— TRY IT —
Reproduce each line of the entries that carries "have".

*** Opening RECORDS FOR THE EXERCISE ***

lemma tmatvec_Hmat_absorbs_subgrad:
  assumes v: "v \<in> subdiff Idx g x"
  obtains \<gamma>' where "\<And>k. k \<in> Idx \<Longrightarrow>
    tmatvec (Hrows m1 m2 dbar) (Hmat m1 m2 Lf) \<gamma>' k = tmatvec (Arows m1 m2 dbar) (Amat m1 m2 Lf) \<gamma> k + v k"
proof -
  define c where "c = real m * Lf"
  have "c \<noteq> 0" using Lf_pos m1_ge_2 m2_pos by (simp add: c_def)
  define \<gamma>' where "\<gamma>' r = (if r \<in> Arows m1 m2 dbar then \<gamma> r else - v r / c)" for r
  have split: "tmatvec (Hrows m1 m2 dbar) (Hmat m1 m2 Lf) \<gamma>' k =
      tmatvec (Arows m1 m2 dbar) (Hmat m1 m2 Lf) \<gamma>' k + tmatvec links (Hmat m1 m2 Lf) \<gamma>' k" for k
    unfolding tmatvec_def Hrows_eq_Arows_Un_links(1)
    by (rule sum.union_disjoint[OF finite_Arows _ Hrows_eq_Arows_Un_links(2)]) (simp add: finite_Mset)
  have A_part: "tmatvec (Arows m1 m2 dbar) (Hmat m1 m2 Lf) \<gamma>' k = tmatvec (Arows m1 m2 dbar) (Amat m1 m2 Lf) \<gamma> k"
    for k unfolding tmatvec_def \<gamma>'_def Hmat_def Amat_def by (intro sum.cong) auto
  have links_part: "tmatvec links (Hmat m1 m2 Lf) \<gamma>' k = tmatvec links (JkronI c) (\<lambda>r. - v r / c) k" for k
    using Hrows_eq_Arows_Un_links(2) unfolding tmatvec_def \<gamma>'_def Hmat_def c_def
    by (intro sum.cong) auto
  show ?thesis
  proof (rule that)
    fix k assume "k \<in> Idx"
    moreover obtain i j where "k = (i, j)" by fastforce
    ultimately show "tmatvec (Hrows m1 m2 dbar) (Hmat m1 m2 Lf) \<gamma>' k =
        tmatvec (Arows m1 m2 dbar) (Amat m1 m2 Lf) \<gamma> k + v k"
      using split A_part links_part tmatvec_links_subgrad[OF v _ \<open>c \<noteq> 0\<close>] by simp
  qed
qed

*** Closing RECORDS FOR THE EXERCISE ***

— RESULT OF THIS TASK —
  have "c \<noteq> 0" using Lf_pos m1_ge_2 m2_pos by (simp add: c_def)
  have split: "tmatvec (Hrows m1 m2 dbar) (Hmat m1 m2 Lf) \<gamma>' k =
  have A_part: "tmatvec (Arows m1 m2 dbar) (Hmat m1 m2 Lf) \<gamma>' k = tmatvec (Arows m1 m2 dbar) (Amat m1 m2 Lf) \<gamma> k"
  have links_part: "tmatvec links (Hmat m1 m2 Lf) \<gamma>' k = tmatvec links (JkronI c) (\<lambda>r. - v r / c) k" for k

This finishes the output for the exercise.